Der Ziegelstein liegt auf der Spüle. Karla betrachtet die filigranen Blutspuren auf seiner porösen Oberfläche. In jede noch so kleine Unebenheit zeichnen sie Spinnwebmuster. Wenig Blut nur.
Unter dem Wasserkran spült sie alles weg, hilft mit der Spülbürste nach.
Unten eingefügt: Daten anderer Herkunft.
definition idxA :: "(real^'k \<Rightarrow> real^'m) \<Rightarrow> ('d,'m,'k) pt \<Rightarrow> 'm set" where
  "idxA Q x = (case x of (u, qx, qy, \<alpha>, r, \<delta>, \<theta>) \<Rightarrow> {i. r $ i = 0 \<and> Q \<alpha> $ i > \<delta> $ i})"

definition idxI :: "(real^'k \<Rightarrow> real^'m) \<Rightarrow> ('d,'m,'k) pt \<Rightarrow> 'm set" where
  "idxI Q x = (case x of (u, qx, qy, \<alpha>, r, \<delta>, \<theta>) \<Rightarrow> {i. r $ i > 0 \<and> Q \<alpha> $ i = \<delta> $ i})"

definition idxB :: "(real^'k \<Rightarrow> real^'m) \<Rightarrow> ('d,'m,'k) pt \<Rightarrow> 'm set" where
  "idxB Q x = (case x of (u, qx, qy, \<alpha>, r, \<delta>, \<theta>) \<Rightarrow> {i. r $ i = 0 \<and> Q \<alpha> $ i = \<delta> $ i})"

text \<open>M-stationarity system at x for multipliers
  (p, lambda^x, lambda^y, phi^x, phi^y, rho, sigma, gamma, nu).
  gradJ, hessD are gradient of J and Hessian of D; JQ a is the Jacobian of Q at a
  (row i = gradient of Q_i), so transpose (JQ a) is nabla_alpha Q(a)^T.\<close>
definition M_stationary ::
  "real^'d^'m \<Rightarrow> real^'d^'m \<Rightarrow> (real^'d \<Rightarrow> real^'d) \<Rightarrow> (real^'d \<Rightarrow> real^'d^'d) \<Rightarrow>
   (real^'k \<Rightarrow> real^'m) \<Rightarrow> (real^'k \<Rightarrow> real^'k^'m) \<Rightarrow> ('d,'m,'k) pt \<Rightarrow>
   real^'d \<Rightarrow> real^'m \<Rightarrow> real^'m \<Rightarrow> real^'m \<Rightarrow> real^'m \<Rightarrow> real^'m \<Rightarrow> real^'m \<Rightarrow> real^'m \<Rightarrow> real^'m \<Rightarrow> bool" where
  "M_stationary Kx Ky gradJ hessD Q JQ x p lx ly fx fy \<rho> \<sigma> \<gamma> \<nu> =
   (case x of (u, qx, qy, \<alpha>, r, \<delta>, \<theta>) \<Rightarrow>
     gradJ u - hessD u *v p - transpose Kx *v fx - transpose Ky *v fy = 0 \<and>
     transpose (JQ \<alpha>) *v (\<rho> + \<nu>) = 0 \<and>
     lx = Kx *v p \<and> ly = Ky *v p \<and>
     (\<forall>i. cos (\<theta> $ i) * fx $ i + sin (\<theta> $ i) * fy $ i - \<gamma> $ i = 0) \<and>
     (\<forall>i. - cos (\<theta> $ i) * lx $ i - sin (\<theta> $ i) * ly $ i - \<sigma> $ i + \<nu> $ i = 0) \<and>
     (\<forall>i. sin (\<theta> $ i) * (- r $ i * fx $ i + \<delta> $ i * lx $ i)
          - cos (\<theta> $ i) * (- r $ i * fy $ i + \<delta> $ i * ly $ i) = 0) \<and>
     (\<forall>i. 0 \<le> Q \<alpha> $ i \<and> 0 \<le> \<rho> $ i \<and> Q \<alpha> $ i * \<rho> $ i = 0) \<and>
     (\<forall>i. 0 \<le> \<delta> $ i \<and> 0 \<le> \<sigma> $ i \<and> \<delta> $ i * \<sigma> $ i = 0) \<and>
     (\<forall>i\<in>idxA Q x. \<nu> $ i = 0) \<and>
     (\<forall>i\<in>idxI Q x. \<gamma> $ i = 0) \<and>
     (\<forall>i\<in>idxB Q x. \<gamma> $ i * \<nu> $ i = 0 \<or> (\<gamma> $ i \<ge> 0 \<and> \<nu> $ i \<ge> 0)))"

definition S_stationary_point ::
  "real^'d^'m \<Rightarrow> real^'d^'m \<Rightarrow> (real^'d \<Rightarrow> real^'d) \<Rightarrow> (real^'d \<Rightarrow> real^'d^'d) \<Rightarrow>
   (real^'k \<Rightarrow> real^'m) \<Rightarrow> (real^'k \<Rightarrow> real^'k^'m) \<Rightarrow> ('d,'m,'k) pt \<Rightarrow> bool" where
  "S_stationary_point Kx Ky gradJ hessD Q JQ x =
   (\<exists>p lx ly fx fy \<rho> \<sigma> \<gamma> \<nu>. M_stationary Kx Ky gradJ hessD Q JQ x p lx ly fx fy \<rho> \<sigma> \<gamma> \<nu> \<and>
       (\<forall>i\<in>idxB Q x. \<gamma> $ i \<ge> 0 \<and> \<nu> $ i \<ge> 0))"

definition critical_cone ::
  "real^'d^'m \<Rightarrow> real^'d^'m \<Rightarrow> (real^'d \<Rightarrow> real^'d) \<Rightarrow> (real^'d \<Rightarrow> real^'d^'d) \<Rightarrow>
   (real^'k \<Rightarrow> real^'m) \<Rightarrow> (real^'k \<Rightarrow> real^'k^'m) \<Rightarrow> ('d,'m,'k) pt \<Rightarrow> ('d,'m,'k) pt set" where
  "critical_cone Kx Ky gradJ hessD Q JQ x =
   (case x of (u, qx, qy, \<alpha>, r, \<delta>, \<theta>) \<Rightarrow>
    {(du, dqx, dqy, da, dr, dd, dt).
      gradJ u \<bullet> du \<le> 0 \<and>
      - (hessD u *v du) - transpose Kx *v dqx - transpose Ky *v dqy = 0 \<and>
      (\<forall>i. - (Kx *v du) $ i + cos (\<theta> $ i) * dr $ i - r $ i * sin (\<theta> $ i) * dt $ i = 0) \<and>
      (\<forall>i. - (Ky *v du) $ i + sin (\<theta> $ i) * dr $ i + r $ i * cos (\<theta> $ i) * dt $ i = 0) \<and>
      (\<forall>i. dqx $ i - cos (\<theta> $ i) * dd $ i + \<delta> $ i * sin (\<theta> $ i) * dt $ i = 0) \<and>
      (\<forall>i. dqy $ i - sin (\<theta> $ i) * dd $ i - \<delta> $ i * cos (\<theta> $ i) * dt $ i = 0) \<and>
      (\<forall>i. Q \<alpha> $ i = 0 \<longrightarrow> (JQ \<alpha> *v da) $ i \<ge> 0) \<and>
      (\<forall>i. \<delta> $ i = 0 \<longrightarrow> dd $ i \<ge> 0) \<and>
      (\<forall>i\<in>idxI Q x. (JQ \<alpha> *v da) $ i = dd $ i) \<and>
      (\<forall>i\<in>idxA Q x. dr $ i = 0) \<and>
      (\<forall>i\<in>idxB Q x. 0 \<le> (JQ \<alpha> *v da) $ i - dd $ i \<and> 0 \<le> dr $ i \<and>
                      ((JQ \<alpha> *v da) $ i - dd $ i) * dr $ i = 0)})"
(* Let $\Gamma$ be an ordered abelian group. The map $\Delta\mapsto\mathcal{O}_\Delta:=\{\infty\}\cup\{\gamma\in\Gamma:\gamma\in\Delta\text{ or }\gamma>\delta\text{ for all }\delta\in\Delta\}$ is a bijection between the convex subgroups of $\Gamma$ and the valuation hyperrings in the hyperfield $\mathcal{T}(\Gamma)$.
   Context: A hyperfield is $(F,+,\cdot,0,1)$ with $+$ a multivalued operation making $(F,+,0)$ a canonical hypergroup (associative, commutative, unique inverses $-x$ with $0\in x+(-x)$, and $z\in x+y\Rightarrow y\in z+(-x)$), $(F,\cdot)$ commutative with $0$ absorbing, $x(y+z)=xy+xz$ ($xA:=\{xa:a\in A\}$), and $F\setminus\{0\}$ an abelian group with neutral $1\neq0$. A hyperring is defined the same way without the unit/group requirement. For an ordered abelian group $(\Gamma,+,<,0)$ and $\infty>\Gamma$ with $\gamma+\infty=\infty+\gamma=\infty$, $\mathcal{T}(\Gamma)$ is the hyperfield on $\Gamma\cup\{\infty\}$ with multiplication $+$, zero $\infty$, unit $0$, and hyperaddition $x\boxplus\infty=\infty\boxplus x=\{x\}$, $x\boxplus y=\{\min\{x,y\}\}$ for $x\neq y$, $x\boxplus x=\{z:x\le z\le\infty\}$. A relational subhyperring of a hyperfield $F$ is a multiplicatively closed $S\subseteq F$ such that $(S,+_S,\cdot,0)$ is a hyperring with $x+_Sy:=(x+y)\cap S$. A valuation hyperring in $F$ is a relational subhyperring $\mathcal{O}$ such that for every non-zero $x\in F$, $x\in\mathcal{O}$ or $x^{-1}\in\mathcal{O}$. A subgroup $\Delta\le\Gamma$ is convex if $\delta_1<\gamma<\delta_2$ with $\delta_i\in\Delta$ implies $\gamma\in\Delta$. *)

theory Defs
  imports Main
begin

definition hyperring :: "'a set \<Rightarrow> ('a \<Rightarrow> 'a \<Rightarrow> 'a set) \<Rightarrow> ('a \<Rightarrow> 'a \<Rightarrow> 'a) \<Rightarrow> 'a \<Rightarrow> bool" where
  "hyperring S add mul z \<longleftrightarrow>
     z \<in> S
   \<and> (\<forall>x\<in>S. \<forall>y\<in>S. add x y \<subseteq> S \<and> add x y \<noteq> {})
   \<and> (\<forall>x\<in>S. \<forall>y\<in>S. mul x y \<in> S)
   \<and> (\<forall>x\<in>S. \<forall>y\<in>S. \<forall>w\<in>S. (\<Union>a\<in>add x y. add a w) = (\<Union>b\<in>add y w. add x b))
   \<and> (\<forall>x\<in>S. \<forall>y\<in>S. add x y = add y x)
   \<and> (\<forall>x\<in>S. add x z = {x})
   \<and> (\<forall>x\<in>S. \<exists>!x'. x' \<in> S \<and> z \<in> add x x')
   \<and> (\<forall>x\<in>S. \<forall>x'\<in>S. \<forall>y\<in>S. \<forall>w\<in>S. z \<in> add x x' \<longrightarrow> w \<in> add x y \<longrightarrow> y \<in> add w x')
   \<and> (\<forall>x\<in>S. \<forall>y\<in>S. mul x y = mul y x)
   \<and> (\<forall>x\<in>S. \<forall>y\<in>S. \<forall>w\<in>S. mul (mul x y) w = mul x (mul y w))
   \<and> (\<forall>x\<in>S. mul z x = z)
   \<and> (\<forall>x\<in>S. \<forall>y\<in>S. \<forall>w\<in>S. mul x ` add y w = add (mul x y) (mul x w))"

definition relational_subhyperring ::
  "('a \<Rightarrow> 'a \<Rightarrow> 'a set) \<Rightarrow> ('a \<Rightarrow> 'a \<Rightarrow> 'a) \<Rightarrow> 'a \<Rightarrow> 'a set \<Rightarrow> bool" where
  "relational_subhyperring add mul z S \<longleftrightarrow>
     (\<forall>x\<in>S. \<forall>y\<in>S. mul x y \<in> S) \<and> hyperring S (\<lambda>x y. add x y \<inter> S) mul z"

definition valuation_hyperring ::
  "('a \<Rightarrow> 'a \<Rightarrow> 'a set) \<Rightarrow> ('a \<Rightarrow> 'a \<Rightarrow> 'a) \<Rightarrow> 'a \<Rightarrow> 'a \<Rightarrow> 'a set \<Rightarrow> bool" where
  "valuation_hyperring add mul z u R \<longleftrightarrow>
     relational_subhyperring add mul z R \<and>
     (\<forall>x. x \<noteq> z \<longrightarrow> x \<in> R \<or> (\<exists>y. mul x y = u \<and> y \<in> R))"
Seltsam, denkt sie, wie schnell sich das Leben gründlich verändern kann. Heute fing ihr Tag ebenso ereignislos an wie unzählige davor. Nicht das geringste Zeichen deutete darauf hin, dass sie so etwas Grandioses vollbringen würde. Sie war aus dem gleichen Grund ins Wohnzimmer gegangen, aus dem sie jeden Nachmittag ins Wohnzimmer ging.
Um Schorschi zu fragen, ob er bereit sei für den Kaffee, oder ob sie noch warten solle. Und wie jeden Nachmittag saß er in seinem Sessel und wandte ihr seinen feisten Nacken zu.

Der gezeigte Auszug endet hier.